WHAT YOU HAVE TO DO:
Report all lines in the records that hold the string "auto".

DATA UNDER STUDY:
• • • • •
lemma num_edges_add_compl_graph:
  assumes "is_graph V E"
  shows "num_edges V E + num_edges V (compl_graph V E) = card V choose 2"
proof -
  define E1 where "E1 = {{u, v} | u v. u \<in> V \<and> v \<in> V \<and> E u v}"
  define E2 where "E2 = {{u, v} | u v. u \<in> V \<and> v \<in> V \<and> compl_graph V E u v}"
  have fin: "finite V" and sym: "\<And>u v. E u v \<Longrightarrow> E v u" and irrefl: "\<And>u. \<not> E u u"
    using assms unfolding is_graph_def by auto
  have "E1 \<union> E2 = {B. B \<subseteq> V \<and> card B = 2}"
  proof (intro set_eqI iffI)
    fix B assume "B \<in> E1 \<union> E2"
    then obtain u v where "B = {u, v}" "u \<in> V" "v \<in> V" "u \<noteq> v"
      using irrefl unfolding E1_def E2_def compl_graph_def by blast
    then show "B \<in> {B. B \<subseteq> V \<and> card B = 2}"
      by auto
  next
    fix B assume "B \<in> {B. B \<subseteq> V \<and> card B = 2}"
    then obtain u v where "B = {u, v}" "u \<noteq> v" "u \<in> V" "v \<in> V"
      by (auto simp: card_2_iff)
    then show "B \<in> E1 \<union> E2"
      unfolding E1_def E2_def compl_graph_def by blast
  qed
  moreover have "E1 \<inter> E2 = {}"
  proof (rule ccontr)
    assume "E1 \<inter> E2 \<noteq> {}"
    then obtain u v x y where "{u, v} = {x, y}" "E u v" "\<not> E x y"
      unfolding E1_def E2_def compl_graph_def by blast
    then show False
      using sym by (auto simp: doubleton_eq_iff)
  qed
  moreover have "finite (E1 \<union> E2)"
    unfolding calculation(1) using fin by simp
  ultimately have "card E1 + card E2 = card {B. B \<subseteq> V \<and> card B = 2}"
    by (metis card_Un_disjoint finite_Un)
  then have "card E1 + card E2 = card V choose 2"
    using n_subsets[OF fin] by simp
  then show ?thesis
    unfolding num_edges_def E1_def E2_def .
qed

lemma degree_sum:
  assumes "is_graph V E"
  shows "(\<Sum>v\<in>V. card {w\<in>V. E w v}) = 2 * num_edges V E"
proof -
  have fin: "finite V" and sym: "\<And>u v. E u v \<Longrightarrow> E v u" and irrefl: "\<And>u. \<not> E u u"
    using assms unfolding is_graph_def by auto
  define arcs where "arcs = Sigma V (\<lambda>v. {w\<in>V. E w v})"
  define edges where "edges = {{u, v} | u v. u \<in> V \<and> v \<in> V \<and> E u v}"
  define ends :: "'a \<times> 'a \<Rightarrow> 'a set" where "ends = (\<lambda>(v, w). {v, w})"
  have "edges \<subseteq> Pow V"
    unfolding edges_def by blast
  then have "finite arcs" "finite edges"
    using fin finite_subset unfolding arcs_def by auto
  moreover have "ends ` arcs \<subseteq> edges"
  proof
    fix e assume "e \<in> ends ` arcs"
    then obtain v w where e: "e = {v, w}" "v \<in> V" "w \<in> V" "E w v"
      unfolding arcs_def ends_def by auto
    then have "e = {w, v}"
      by (simp add: insert_commute)
    with e show "e \<in> edges"
      unfolding edges_def by blast
  qed
  ultimately have "card arcs = (\<Sum>e\<in>edges. card {x\<in>arcs. ends x = e})"
    using sum.group[of arcs edges ends "\<lambda>_. 1 :: nat"] by simp
  also have "\<dots> = (\<Sum>e\<in>edges. 2)"
  proof (rule sum.cong)
    fix e assume "e \<in> edges"
    then obtain u v where e: "e = {u, v}" "u \<in> V" "v \<in> V" "E u v"
      unfolding edges_def by blast
    have "{x\<in>arcs. ends x = e} = {(u, v), (v, u)}"
      using e sym unfolding arcs_def ends_def by (auto simp: doubleton_eq_iff)
    moreover have "u \<noteq> v"
      using e irrefl by auto
    ultimately show "card {x\<in>arcs. ends x = e} = 2"
      by simp
  qed simp
  finally have "card arcs = 2 * card edges"
    by simp
  moreover have "card arcs = (\<Sum>v\<in>V. card {w\<in>V. E w v})"
    using fin unfolding arcs_def by (simp add: card_SigmaI)
  ultimately show ?thesis
    unfolding num_edges_def edges_def by simp
qed

definition nbr_sum :: "'a set \<Rightarrow> ('a \<Rightarrow> 'a \<Rightarrow> bool) \<Rightarrow> ('a \<Rightarrow> int) \<Rightarrow> 'a \<Rightarrow> int" where
  "nbr_sum V E t v = (\<Sum>w\<in>{w\<in>V. E w v}. t w)"

definition closed_nbr_sum :: "'a set \<Rightarrow> ('a \<Rightarrow> 'a \<Rightarrow> bool) \<Rightarrow> ('a \<Rightarrow> int) \<Rightarrow> 'a \<Rightarrow> int" where
  "closed_nbr_sum V E t v = (\<Sum>w\<in>{w\<in>V. w = v \<or> E w v}. t w)"

lemma N_AW_iff_int_toggles:
  assumes "l > 0"
  shows "N_AW l V E \<longleftrightarrow> (\<forall>a. \<exists>t. \<forall>v\<in>V. int l dvd a v + closed_nbr_sum V E t v)"
proof
  assume "N_AW l V E"
  show "\<forall>a. \<exists>t. \<forall>v\<in>V. int l dvd a v + closed_nbr_sum V E t v"
  proof
    fix a
    obtain t :: "'a \<Rightarrow> nat" where
      "\<forall>v\<in>V. (a v + (\<Sum>w\<in>{w\<in>V. w = v \<or> E w v}. int (t w))) mod int l = 0"
      using \<open>N_AW l V E\<close> unfolding N_AW_def by blast
    then have "\<forall>v\<in>V. int l dvd a v + closed_nbr_sum V E (\<lambda>w. int (t w)) v"
      unfolding closed_nbr_sum_def by (simp add: dvd_eq_mod_eq_0)
    then show "\<exists>t. \<forall>v\<in>V. int l dvd a v + closed_nbr_sum V E t v"
      by blast
  qed
next
  assume solvable: "\<forall>a. \<exists>t. \<forall>v\<in>V. int l dvd a v + closed_nbr_sum V E t v"
  show "N_AW l V E"
    unfolding N_AW_def
  proof
    fix a
    obtain t where t: "\<forall>v\<in>V. int l dvd a v + closed_nbr_sum V E t v"
      using solvable by blast
    have reduced: "(a v + (\<Sum>w\<in>N. int (nat (t w mod int l)))) mod int l = 0"
      if "int l dvd a v + (\<Sum>w\<in>N. t w)" for v N
    proof -
      have "(a v + (\<Sum>w\<in>N. int (nat (t w mod int l)))) mod int l
          = (a v + (\<Sum>w\<in>N. t w mod int l) mod int l) mod int l"
        using assms by (simp add: mod_add_right_eq)
      also have "\<dots> = (a v + (\<Sum>w\<in>N. t w)) mod int l"
        by (simp add: mod_sum_eq mod_add_right_eq)
      finally show ?thesis
        using that by simp
    qed
    show "\<exists>t. \<forall>v\<in>V. (a v + (\<Sum>w\<in>{w\<in>V. w = v \<or> E w v}. int (t w))) mod int l = 0"
    proof (intro exI ballI)
      fix v assume "v \<in> V"
      then show "(a v + (\<Sum>w\<in>{w\<in>V. w = v \<or> E w v}. int (nat (t w mod int l)))) mod int l = 0"
        using t by (intro reduced) (simp add: closed_nbr_sum_def)
    qed
  qed
qed

lemma closed_nbr_sum_compl_graph:
  assumes "is_graph V E" and "v \<in> V"
  shows "closed_nbr_sum V (compl_graph V E) t v = sum t V - nbr_sum V E t v"
proof -
  have "{w\<in>V. w = v \<or> compl_graph V E w v} = V - {w\<in>V. E w v}"
    using assms unfolding is_graph_def compl_graph_def by auto
  then show ?thesis
    using assms unfolding closed_nbr_sum_def nbr_sum_def is_graph_def by (simp add: sum_diff)
qed

lemma coprime_iff_all_affine_solvable:
  fixes d l :: int
  shows "coprime d l \<longleftrightarrow> (\<forall>r. \<exists>x. l dvd r + d * x)"
proof
  assume "coprime d l"
  then obtain y where y: "[d * y = 1] (mod l)"
    using coprime_iff_invertible_int by blast
  show "\<forall>r. \<exists>x. l dvd r + d * x"
  proof
    fix r
    have "[r * (d * y) = r * 1] (mod l)"
      using y by (rule cong_scalar_left)
    then have "l dvd r - d * (r * y)"
      by (simp add: cong_iff_dvd_diff dvd_diff_commute algebra_simps)
    then show "\<exists>x. l dvd r + d * x"
      by (metis add_uminus_conv_diff mult_minus_right)
  qed
next
  assume "\<forall>r. \<exists>x. l dvd r + d * x"
  then obtain x where "l dvd - 1 + d * x"
    by blast
  then have "[d * x = 1] (mod l)"
    by (simp add: cong_iff_dvd_diff)
  then show "coprime d l"
    using coprime_iff_invertible_int by blast
qed

locale pendant_graph =
  fixes V :: "'a set" and E :: "'a \<Rightarrow> 'a \<Rightarrow> bool" and C :: "'a set" and p :: "'a \<Rightarrow> 'a"
  assumes graph: "is_graph V E"
    and core_subset: "C \<subseteq> V"
    and partner_bij: "bij_betw p C (V - C)"
    and pendant_adj: "\<And>u v. u \<in> V - C \<Longrightarrow> E u v \<longleftrightarrow> v \<in> C \<and> u = p v"
begin

definition core_nbrs :: "'a \<Rightarrow> 'a set" where
  "core_nbrs u = {w\<in>C. E w u}"

(* The form L = 1^T A^-1 of the proof idea, see pendant_form_nbr_sum. *)
definition pendant_form :: "('a \<Rightarrow> int) \<Rightarrow> int" where
  "pendant_form f = sum f V - (\<Sum>u\<in>C. \<Sum>w\<in>core_nbrs u. f (p w))"

lemma finite_V: "finite V"
  using graph unfolding is_graph_def by simp

lemma finite_C: "finite C"
  using finite_V core_subset by (rule finite_subset[rotated])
• • • • •
SOLUTION FOR THIS TASK:
    using assms unfolding is_graph_def by auto
      by auto
      by (auto simp: card_2_iff)
      using sym by (auto simp: doubleton_eq_iff)
    using assms unfolding is_graph_def by auto
    using fin finite_subset unfolding arcs_def by auto
      unfolding arcs_def ends_def by auto
      using e sym unfolding arcs_def ends_def by (auto simp: doubleton_eq_iff)
      using e irrefl by auto
    using assms unfolding is_graph_def compl_graph_def by auto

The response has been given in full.